Missing Data Handling#

Prerequisites#

Prerequisite

Importance

Skill Level

Notes

Research Data Management

Helpful

Beginner

Provides some background on general data handling and good prerequisite coding practices

Summary#

This chapter aims to introduce missing data handling. Although we live in the age of “big data”, data can often be fragmented, incomplete, and erroneous. The methods we develop and any analysis we conduct can only be as good as the data we provide. So, is there anything we can do about a dataset riddled with missing data?

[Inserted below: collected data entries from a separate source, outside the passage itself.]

definition invertible_scalar :: "('o,'m) smcat \<Rightarrow> 'm \<Rightarrow> bool" where
  "invertible_scalar C l \<longleftrightarrow> mc_hom C l (mc_unt C) (mc_unt C) \<and>
    (\<exists>l'. mc_hom C l' (mc_unt C) (mc_unt C) \<and>
          mc_cmp C l l' = mc_idm C (mc_unt C) \<and> mc_cmp C l' l = mc_idm C (mc_unt C))"

end

theory Submission
  imports Defs
begin

(* The red cup is the green cup twisted by the antipode, eps \<circ> mu_r = eg \<circ> mu \<circ> (id \<otimes> s),
   and s fixes the unit \<eta>. Pairing with the red cup therefore sends (id \<otimes> \<phi>) \<circ> \<Delta> to
   \<phi> \<circ> mu_r and \<eta> \<circ> \<phi> to eg \<otimes> \<phi>, for every \<phi> : H \<rightarrow> I. Since this pairing is injective
   (snake equation) and eg \<circ> mu_r = eg \<otimes> eg, the green counit eg is an integral; and every
   integral \<phi> satisfies \<phi> \<circ> mu_r = eg \<otimes> \<phi>, hence \<phi> = eg \<otimes> (\<phi> \<circ> eta_r). So a second green counit
   is eg' = eg \<otimes> l with l = eg' \<circ> eta_r, invertible because eg \<circ> eta_r = id_I on both sides.
   The other structure maps are determined by eg and the fixed Hopf data: mu_r by its cup,
   eta_r by mu_r, and delta_g by its cap delta_g \<circ> \<eta> = (s \<otimes> id) \<circ> \<Delta> \<circ> eta_r; so they are
   rescaled by l or by its inverse. *)

locale smc = fixes C :: "('o,'m) smcat" assumes smc: "strict_smc C"
begin

abbreviation "ar \<equiv> mc_ar C"
abbreviation "ob \<equiv> mc_ob C"
abbreviation "src \<equiv> mc_src C"
abbreviation "tgt \<equiv> mc_tgt C"
abbreviation "idm \<equiv> mc_idm C"
abbreviation "U \<equiv> mc_unt C"
abbreviation "tob \<equiv> mc_tob C"
abbreviation cp (infixr "\<bullet>" 55) where "g \<bullet> f \<equiv> mc_cmp C g f"
abbreviation tn (infixr "\<odot>" 65) where "f \<odot> g \<equiv> mc_tar C f g"

lemma src_ob [simp]: "f \<in> ar \<Longrightarrow> src f \<in> ob"
  and tgt_ob [simp]: "f \<in> ar \<Longrightarrow> tgt f \<in> ob"
  using smc unfolding strict_smc_def by auto

lemma id_ar [simp]: "a \<in> ob \<Longrightarrow> idm a \<in> ar"
  and id_src [simp]: "a \<in> ob \<Longrightarrow> src (idm a) = a"
  and id_tgt [simp]: "a \<in> ob \<Longrightarrow> tgt (idm a) = a"
  using smc unfolding strict_smc_def mc_hom_def by auto

lemma cp_ar [simp]: "f \<in> ar \<Longrightarrow> g \<in> ar \<Longrightarrow> tgt f = src g \<Longrightarrow> g \<bullet> f \<in> ar"
  and cp_src [simp]: "f \<in> ar \<Longrightarrow> g \<in> ar \<Longrightarrow> tgt f = src g \<Longrightarrow> src (g \<bullet> f) = src f"
  and cp_tgt [simp]: "f \<in> ar \<Longrightarrow> g \<in> ar \<Longrightarrow> tgt f = src g \<Longrightarrow> tgt (g \<bullet> f) = tgt g"
  using smc unfolding strict_smc_def mc_hom_def by auto

lemma cp_assoc [simp]:
  "f \<in> ar \<Longrightarrow> g \<in> ar \<Longrightarrow> h \<in> ar \<Longrightarrow> tgt f = src g \<Longrightarrow> tgt g = src h \<Longrightarrow>
   (h \<bullet> g) \<bullet> f = h \<bullet> (g \<bullet> f)"
  using smc unfolding strict_smc_def by metis

lemma id_left [simp]: "f \<in> ar \<Longrightarrow> tgt f = a \<Longrightarrow> idm a \<bullet> f = f"
  and id_right [simp]: "f \<in> ar \<Longrightarrow> src f = a \<Longrightarrow> f \<bullet> idm a = f"
  using smc unfolding strict_smc_def by auto

lemma tob_ob [simp]: "a \<in> ob \<Longrightarrow> b \<in> ob \<Longrightarrow> tob a b \<in> ob"
  using smc unfolding strict_smc_def by auto

lemma tn_ar [simp]: "f \<in> ar \<Longrightarrow> g \<in> ar \<Longrightarrow> f \<odot> g \<in> ar"
  and tn_src [simp]: "f \<in> ar \<Longrightarrow> g \<in> ar \<Longrightarrow> src (f \<odot> g) = tob (src f) (src g)"
  and tn_tgt [simp]: "f \<in> ar \<Longrightarrow> g \<in> ar \<Longrightarrow> tgt (f \<odot> g) = tob (tgt f) (tgt g)"
  using smc unfolding strict_smc_def mc_hom_def by auto

lemma tn_id: "a \<in> ob \<Longrightarrow> b \<in> ob \<Longrightarrow> idm a \<odot> idm b = idm (tob a b)"
  using smc unfolding strict_smc_def by auto

lemma interchange:
  assumes "f \<in> ar" "g \<in> ar" "f' \<in> ar" "g' \<in> ar" "tgt f = src g" "tgt f' = src g'"
  shows "(g \<bullet> f) \<odot> (g' \<bullet> f') = (g \<odot> g') \<bullet> (f \<odot> f')"
proof -
  from smc have "\<forall>f g f' g'. f \<in> ar \<and> g \<in> ar \<and> f' \<in> ar \<and> g' \<in> ar \<and>
      tgt f = src g \<and> tgt f' = src g' \<longrightarrow> (g \<bullet> f) \<odot> (g' \<bullet> f') = (g \<odot> g') \<bullet> (f \<odot> f')"
    unfolding strict_smc_def by (elim conjE) assumption
  then show ?thesis using assms by blast
qed

lemma U_ob [simp]: "U \<in> ob"
  using smc unfolding strict_smc_def by auto

lemma tob_assoc [simp]:
  "a \<in> ob \<Longrightarrow> b \<in> ob \<Longrightarrow> c \<in> ob \<Longrightarrow> tob (tob a b) c = tob a (tob b c)"
  using smc unfolding strict_smc_def by auto

lemma tob_U [simp]: "a \<in> ob \<Longrightarrow> tob U a = a" "a \<in> ob \<Longrightarrow> tob a U = a"
  using smc unfolding strict_smc_def by auto

lemma tn_assoc [simp]: "f \<in> ar \<Longrightarrow> g \<in> ar \<Longrightarrow> h \<in> ar \<Longrightarrow> (f \<odot> g) \<odot> h = f \<odot> (g \<odot> h)"
  using smc unfolding strict_smc_def by auto

lemma tn_U [simp]: "f \<in> ar \<Longrightarrow> idm U \<odot> f = f" "f \<in> ar \<Longrightarrow> f \<odot> idm U = f"
  using smc unfolding strict_smc_def by auto

lemma id_tob_tn [simp]:
  "a \<in> ob \<Longrightarrow> b \<in> ob \<Longrightarrow> f \<in> ar \<Longrightarrow> idm (tob a b) \<odot> f = idm a \<odot> (idm b \<odot> f)"
  by (simp add: tn_id [symmetric])

lemma tn_id_tob [simp]:
  "a \<in> ob \<Longrightarrow> b \<in> ob \<Longrightarrow> f \<in> ar \<Longrightarrow> f \<odot> idm (tob a b) = f \<odot> (idm a \<odot> idm b)"
  by (simp add: tn_id)

lemma whisker_left:
  "a \<in> ob \<Longrightarrow> f \<in> ar \<Longrightarrow> g \<in> ar \<Longrightarrow> tgt f = src g \<Longrightarrow>
   idm a \<odot> (g \<bullet> f) = (idm a \<odot> g) \<bullet> (idm a \<odot> f)"
  using interchange [of "idm a" "idm a" f g] by simp

lemma whisker_right:
  "a \<in> ob \<Longrightarrow> f \<in> ar \<Longrightarrow> g \<in> ar \<Longrightarrow> tgt f = src g \<Longrightarrow>
   (g \<bullet> f) \<odot> idm a = (g \<odot> idm a) \<bullet> (f \<odot> idm a)"
  using interchange [of f g "idm a" "idm a"] by simp

lemma tn_eq_right_then_left:
  "f \<in> ar \<Longrightarrow> g \<in> ar \<Longrightarrow> f \<odot> g = (f \<odot> idm (tgt g)) \<bullet> (idm (src f) \<odot> g)"
  using interchange [of "idm (src f)" f g "idm (tgt g)"] by simp

lemma tn_eq_left_then_right:
  "f \<in> ar \<Longrightarrow> g \<in> ar \<Longrightarrow> f \<odot> g = (idm (tgt f) \<odot> g) \<bullet> (f \<odot> idm (src g))"
  using interchange [of f "idm (tgt f)" "idm (src g)" g] by simp

definition scalar :: "'m \<Rightarrow> bool" where
  "scalar l \<longleftrightarrow> l \<in> ar \<and> src l = U \<and> tgt l = U"

lemma scalar_tn_eq_cp: "scalar k \<Longrightarrow> scalar l \<Longrightarrow> k \<odot> l = k \<bullet> l"
  using tn_eq_right_then_left [of k l] by (simp add: scalar_def)

lemma cp_tn_scalar_left:
  "f \<in> ar \<Longrightarrow> g \<in> ar \<Longrightarrow> tgt f = src g \<Longrightarrow> scalar l \<Longrightarrow> (g \<odot> l) \<bullet> f = (g \<bullet> f) \<odot> l"
  using interchange [of f g "idm U" l] by (simp add: scalar_def)

lemma cp_tn_scalar_right:
  "f \<in> ar \<Longrightarrow> g \<in> ar \<Longrightarrow> tgt f = src g \<Longrightarrow> scalar l \<Longrightarrow> g \<bullet> (f \<odot> l) = (g \<bullet> f) \<odot> l"
  using interchange [of f g l "idm U"] by (simp add: scalar_def)

lemma invertible_scalarI:
  assumes "scalar l" "scalar l'" "l \<odot> l' = idm U" "l' \<odot> l = idm U"
  shows "invertible_scalar C l"
  using assms scalar_tn_eq_cp [of l l'] scalar_tn_eq_cp [of l' l]
  unfolding invertible_scalar_def mc_hom_def scalar_def by auto

lemma is_monoidD:
  assumes "is_monoid C H m u"
  shows "H \<in> ob" "m \<in> ar" "src m = tob H H" "tgt m = H" "u \<in> ar" "src u = U" "tgt u = H"
    and "m \<bullet> (m \<odot> idm H) = m \<bullet> (idm H \<odot> m)"
    and "m \<bullet> (u \<odot> idm H) = idm H" "m \<bullet> (idm H \<odot> u) = idm H"
  using assms unfolding is_monoid_def Let_def mc_hom_def by auto

lemma is_comonoidD:
  assumes "is_comonoid C H d e"
  shows "H \<in> ob" "d \<in> ar" "src d = H" "tgt d = tob H H" "e \<in> ar" "src e = H" "tgt e = U"
    and "(d \<odot> idm H) \<bullet> d = (idm H \<odot> d) \<bullet> d"
    and "(e \<odot> idm H) \<bullet> d = idm H" "(idm H \<odot> e) \<bullet> d = idm H"
  using assms unfolding is_comonoid_def Let_def mc_hom_def by auto

lemma is_hopfD:
  assumes "is_hopf C H m u d e s"
  shows "is_monoid C H m u" "is_comonoid C H d e" "s \<in> ar" "src s = H" "tgt s = H"
    and "d \<bullet> u = u \<odot> u" "e \<bullet> m = e \<odot> e" "e \<bullet> u = idm U"
    and "m \<bullet> (s \<odot> idm H) \<bullet> d = u \<bullet> e" "m \<bullet> (idm H \<odot> s) \<bullet> d = u \<bullet> e"
  using assms unfolding is_hopf_def Let_def mc_hom_def
  by (auto simp: is_monoid_def is_comonoid_def mc_hom_def Let_def)

lemma monoid_unit_rescale:
  assumes "is_monoid C H m u" "is_monoid C H m' u'" "m' = m \<odot> l" "scalar l"
  shows "u = u' \<odot> l"
proof -
  note M = is_monoidD [OF assms(1)] and M' = is_monoidD [OF assms(2)]
  note [simp] = M(1-7) M'(1-7)
  have "u = (m' \<bullet> (u' \<odot> idm H)) \<bullet> u" using M'(9) by simp
  also have "\<dots> = m' \<bullet> (u' \<odot> u)" using tn_eq_right_then_left [of u' u] by simp
  also have "\<dots> = (m \<bullet> (u' \<odot> u)) \<odot> l" using assms(3,4) by (simp add: cp_tn_scalar_left)
  also have "m \<bullet> (u' \<odot> u) = (m \<bullet> (idm H \<odot> u)) \<bullet> u'" using tn_eq_left_then_right [of u' u] by simp
  finally show ?thesis using M(10) by simp
qed

lemma hopf_antipode_unit:
  assumes "is_hopf C H m u d e s"
  shows "s \<bullet> u = u"
proof -
  note Hp = is_hopfD [OF assms]
  note M = is_monoidD [OF Hp(1)] and D = is_comonoidD [OF Hp(2)]
  note [simp] = M(1-7) D(1-7) Hp(3-5)
  have "u = (u \<bullet> e) \<bullet> u" by (simp add: Hp(8))
  also have "\<dots> = (m \<bullet> (s \<odot> idm H) \<bullet> d) \<bullet> u" by (simp only: Hp(9))
  also have "\<dots> = m \<bullet> (s \<odot> idm H) \<bullet> (u \<odot> u)" by (simp add: Hp(6))
  also have "(s \<odot> idm H) \<bullet> (u \<odot> u) = (idm H \<odot> u) \<bullet> (s \<bullet> u)"
    using interchange [of u s u "idm H"] tn_eq_left_then_right [of "s \<bullet> u" u] by simp
  also have "m \<bullet> (idm H \<odot> u) \<bullet> (s \<bullet> u) = s \<bullet> u"
    using M(10) by (simp flip: cp_assoc)
  finally show ?thesis by simp
qed

lemma snake_pairing_inj:
  assumes snake: "(idm H \<odot> e) \<bullet> (d \<odot> idm H) = idm H"
    and types: "H \<in> ob" "e \<in> ar" "src e = tob H H" "tgt e = U" "d \<in> ar" "src d = U" "tgt d = tob H H"
      "z \<in> ar" "src z = H" "tgt z = H" "z' \<in> ar" "src z' = H" "tgt z' = H"
    and pairing: "e \<bullet> (idm H \<odot> z) = e \<bullet> (idm H \<odot> z')"
  shows "z = z'"
proof -
  note [simp] = types
  have transpose: "y = (idm H \<odot> (e \<bullet> (idm H \<odot> y))) \<bullet> (d \<odot> idm H)"
    if "y \<in> ar" "src y = H" "tgt y = H" for y
  proof -
    have "y = ((idm H \<odot> e) \<bullet> (d \<odot> idm H)) \<bullet> y" using snake that by simp
    also have "\<dots> = (idm H \<odot> e) \<bullet> (d \<odot> y)" using tn_eq_right_then_left [of d y] that by simp
    also have "\<dots> = (idm H \<odot> e) \<bullet> (idm H \<odot> (idm H \<odot> y)) \<bullet> (d \<odot> idm H)"
      using tn_eq_left_then_right [of d y] that by simp
    also have "\<dots> = (idm H \<odot> (e \<bullet> (idm H \<odot> y))) \<bullet> (d \<odot> idm H)"
      using that by (simp add: whisker_left)
    finally show ?thesis .
  qed
  show ?thesis using transpose [of z] transpose [of z'] pairing by simp
qed

end

locale frobenius_algebra = smc +
  fixes H m u d e
  assumes frobenius: "is_frobenius C H m u d e"
begin

lemma monoid: "is_monoid C H m u"
  and comonoid: "is_comonoid C H d e"
  and frobenius_left: "(idm H \<odot> m) \<bullet> (d \<odot> idm H) = d \<bullet> m"
  and frobenius_right: "(m \<odot> idm H) \<bullet> (idm H \<odot> d) = d \<bullet> m"
  using frobenius unfolding is_frobenius_def Let_def by auto

lemmas typing [simp] = is_monoidD(1-7) [OF monoid] is_comonoidD(2-7) [OF comonoid]

lemma mult_from_cup_left: "m = (idm H \<odot> (e \<bullet> m)) \<bullet> (d \<odot> idm H)"
proof -
  have "(idm H \<odot> (e \<bullet> m)) \<bullet> (d \<odot> idm H) = (idm H \<odot> e) \<bullet> (idm H \<odot> m) \<bullet> (d \<odot> idm H)"
    by (simp add: whisker_left)
  also have "\<dots> = ((idm H \<odot> e) \<bullet> d) \<bullet> m" by (simp add: frobenius_left)
  finally show ?thesis using is_comonoidD(10) [OF comonoid] by simp
qed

Cartoon-like sketch with four people assembling puzzle pieces. There are four different buckets with puzzle pieces with blue dots in them. One bucket is labelled "RANDOM" and another "NOT RANDOM". Two of the people are holding a dotted puzzle piece. Another person is looking up at a hanging puzzle. Some pieces of the puzzle are dotted, others are filled with solid orange. The last person standing to the left of the hanging puzzle is painting an empty puzzle piece tile using paint from a bucket labelled "DATA HANDLING". This paint has the same dotted pattern found on the puzzle pieces in the buckets.

Fig. 78 Missing Data Handling. The Turing Way project illustration by Scriberia. Used under a CC-BY 4.0 licence. DOI: 10.5281/zenodo.3332807.#

To answer this question, this chapter will start by defining different types of Missing Data Structures and see how we can visualise these in the Visualising Missingness subchapter. This will help readers develop a strategy on choosing the appropriate missing data handling method, of which a few are outlined in Missing Data Handling Methods. Lastly, another subchapter will introduce introduce the relatively new field of Structured Missingness, pioneered by researchers in the Turing-Roche partnership. This is a big area of research and this chapter is only a simple introduction to it. Therefore, if you are interested in learning more you can read on further by having a look at the Checklist and Resources page.

Motivation and Background#

Missing data can disrupt research and create challenges in results interpretation and in the validity of any conclusions [PMCF+17]. Understanding missing data structures and handling missing data appropriately is important to prevent creating or worsening pre-existing biases of the dataset and to ensure fair, generalizable models [Buu18]. Both missing data itself, or how it is handled, can have a large impact on subsequent analyses. Missing data handling is one step in the process to figuring out the best use of your data, in the most efficient way possible.